Cannabinoids (CBs) have emerged as a promising class of drugs to treat pain, but the precise mechanisms and systems involved in mediating CB-induced analgesia remain unknown. Chemokines might modulate CB-mediated pain management, and indeed, in a J. Pharmacol Exp. Ther. article published online (February 15), Benamar et al. examined whether chemokines could alter CB-induced analgesia using a rodent model. Administration of the CB receptor agonist (+)-WIN 55,212-2 into the periaqueductal gray (PAG) of the midbrain resulted in a dose-dependent analgesic response that was blocked by the chemokine SDF-1α/CXCL12, when administered in the same brain region. The effect of SDF-1α/CXCL12 was mediated through the chemokine receptor CXCR4, given that a selective antagonist for this receptor reversed the effects of SDF- 1α/CXCL12. This is the first study to report that activation of the chemokine receptor CXCR4 in the PAG can interfere with CB-induced analgesia. [Benamar, K., Geller, E.B., and Adler, M.W. First in vivo evidence for a functional interaction between chemokine and cannabinoid systems in the brain. J. Pharmacol. Exp. Ther. Epub ahead of print; doi: 10.1124/jpet.107.135053 (2008).]
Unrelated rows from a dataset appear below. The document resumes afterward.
(* Let $\varphi$ be a DBI normal formula and let $\theta$ be a formula that is independent of $\varphi$. Then for every pointed Kripke model $(\mathcal{M},v)$: $\mathcal{M},v\vDash\theta$ if and only if $\mathcal{M}\odot\mathcal{U}_\varphi,(v,0)\vDash\theta$.
   Context: Agents $\mathcal{A}=\{1,\dots,n\}$, $n>1$; language $\mathcal{L}$: $\varphi ::= p \mid \neg\varphi \mid (\varphi\wedge\varphi)\mid B_i\varphi$, $\top$ the usual tautology. Kripke model $\mathcal{M}=\langle S,R,V\rangle$ (nonempty $S$, $R_i\subseteq S\times S$, $V:\mathit{Prop}\to 2^S$), standard truth. Action model $\mathcal{U}=\langle E,Q,\mathsf{pre}\rangle$ (nonempty $E$, $Q_i\subseteq E\times E$, $\mathsf{pre}:E\to\mathcal{L}$). Pointed update of $(\mathcal{M},w)$ with $(\mathcal{U},\alpha)$, defined iff $\mathcal{M},w\vDash\mathsf{pre}(\alpha)$: with $T=\{(x,\beta)\in S\times E\mid\mathcal{M},x\vDash\mathsf{pre}(\beta)\}$, $\mathcal{M}\odot\mathcal{U}=\langle S^{\mathcal U},R^{\mathcal U},V^{\mathcal U}\rangle$ where $S^{\mathcal U}$ is the smallest subset of $T$ containing $(w,\alpha)$ closed under: $(x,\beta)\in S^{\mathcal U}$, $(u,\gamma)\in T$, $xR_iu$, $\beta Q_i\gamma$ imply $(u,\gamma)\in S^{\mathcal U}$; $R^{\mathcal U}_i$ relates $(x,\beta),(u,\gamma)\in S^{\mathcal U}$ iff $xR_iu$ and $\beta Q_i\gamma$; $V^{\mathcal U}(p)=\{(x,\beta)\in S^{\mathcal U}\mid x\in V(p)\}$. Target agents: $\mathsf{ta}(p)=\varnothing$, $\mathsf{ta}(\neg\phi)=\mathsf{ta}(\phi)$, $\mathsf{ta}(\phi\wedge\psi)=\mathsf{ta}(\phi)\cup\mathsf{ta}(\psi)$, $\mathsf{ta}(B_i\phi)=\{i\}$. DBI formulas: $\varphi ::= B_i\xi \mid B_i(\xi\wedge\varphi)\mid(\varphi\wedge\varphi)\mid B_i\varphi$, $\xi$ purely propositional. DBI normal: $B_i\xi$ always; $B_i\varphi$, $B_i(\xi\wedge\varphi)$ iff $\varphi$ DBI normal and $i\notin\mathsf{ta}(\varphi)$; $\varphi\wedge\psi$ iff both DBI normal and $\mathsf{ta}(\varphi)\cap\mathsf{ta}(\psi)=\varnothing$. Action model $\mathcal{U}_\varphi=\langle E^\varphi,Q^\varphi,\mathsf{pre}^\varphi\rangle$ for DBI normal $\varphi$, recursively; always $E^\varphi=\{0,-1\}\sqcup D^\varphi$, $\varnothing\ne D^\varphi\subseteq\{1,2,\dots\}$, $\mathsf{pre}^\varphi(0)=\mathsf{pre}^\varphi(-1)=\top$; $\underline{Q}_j$ denotes $Q_j\cap((E\setminus\{0\})\times(E\setminus\{0\}))$. (1) $\varphi=B_i\xi$: $D=\{m\}$, $\mathsf{pre}(m)=\xi$, $Q_j=\{(0,-1),(m,-1),(-1,-1)\}$ ($j\ne i$), $Q_i=\{(0,m),(m,m),(-1,-1)\}$. (2) $\varphi=B_i\psi$: fresh $m\ge1$, $m\notin D^\psi$; $D^\varphi=D^\psi\sqcup\{m\}$; $\mathsf{pre}^\varphi$ extends $\mathsf{pre}^\psi$ with $\mathsf{pre}^\varphi(m)=\top$; $Q^\varphi_j=\underline{Q}^\psi_j\cup\{(0,-1)\}\cup\{(m,k)\mid(0,k)\in Q^\psi_j\}$ ($j\ne i$); $Q^\varphi_i=\underline{Q}^\psi_i\cup\{(0,m),(m,m)\}$. (3) $\varphi=B_i(\xi\wedge\psi)$: as (2) but $\mathsf{pre}^\varphi(m)=\xi$. (4) $\varphi=\psi\wedge\theta$: with $D^\psi\cap D^\theta=\varnothing$, $D^\varphi=D^\psi\sqcup D^\theta$, $\mathsf{pre}^\varphi=\mathsf{pre}^\psi\cup\mathsf{pre}^\theta$, $Q^\varphi_j=\underline{Q}^\psi_j\cup\underline{Q}^\theta_j\cup\{(0,k)\mid(0,k)\in Q^\psi_j\cup Q^\theta_j, k\in D^\psi\sqcup D^\theta\}\cup\{(0,-1)\mid\text{no such }k\text{ exists}\}$. In $\mathcal{U}_\varphi$ every event has exactly one $Q^\varphi_j$-successor for each agent $j$. Independence: the modality sequences of a formula $\theta$ are the empty sequence together with, for each occurrence of a subformula $B_i\eta$ in $\theta$, the sequence $B_{i_1}\dots B_{i_k}$ of belief operators on the path from the root of the syntax tree of $\theta$ to that occurrence (so $i_k=i$). $\theta$ is in $\top$-shape w.r.t. event $\alpha_0\in E^\varphi$ iff for every modality sequence $B_{i_1}\dots B_{i_k}$ of $\theta$ ($k\ge0$), the unique events $\alpha_1,\dots,\alpha_k$ with $\alpha_0Q^\varphi_{i_1}\alpha_1Q^\varphi_{i_2}\alpha_2\cdots Q^\varphi_{i_k}\alpha_k$ satisfy $\mathsf{pre}^\varphi(\alpha_j)=\top$ for all $0\le j\le k$. $\theta$ is independent of $\varphi$ iff it is in $\top$-shape w.r.t. $0$. *)

theory Defs
  imports Main
begin

datatype ('p, 'a) fm =
    Atom 'p
  | Neg "('p, 'a) fm"
  | And "('p, 'a) fm" "('p, 'a) fm"
  | Bel 'a "('p, 'a) fm"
—TV Khroyan, SRI International

Antipsychotic-Mediated Neuroplasticity


Abnormal communication between brain dopaminergic and glutamatergic systems could be critical for eliciting psychosis. Antipsychotics targeting monoaminergic systems are used to treat schizophrenia. How antipsychotic treatments affect glutamatergic synapse remains unexplored. In the Fast Forward edition of Mol. Pharmacol., Fumagalli et al. investigate the dynamic regulation of glutamatergic postsynaptic activity in the prefrontal cortex induced by chronic treatment with the antipsychotics haloperidol and olanzapine. Analysis of neuronal subcellular fractions revealed that haloperidol, but not olanzapine, causes multilevel adaptations at the glutamate synapse involving reduced amounts of glutamate NMDA receptor subunits NR1 and NR2A and scaffolding protein PSD-95. In addition, deficient trafficking of GluR1 to the membrane and changes in the total and phosphorylated levels of CaMKII at synaptic sites were observed. This study provides a novel perspective for understanding chronic antipsychoticinduced neuroplasticity that could be critical for beneficial or side effects of different classes of antipsychotics. [Fumagalli, F., Frasca, A., Racagni, G., and Riva, M.A. Dynamic regulation of glutamatergic post-synaptic activity in rat prefrontal cortex by repeated administration of antipsychotic drugs. Mol. Pharmacol. Epub ahead of print; doi:10.1124/mol.107.043786 (2008).]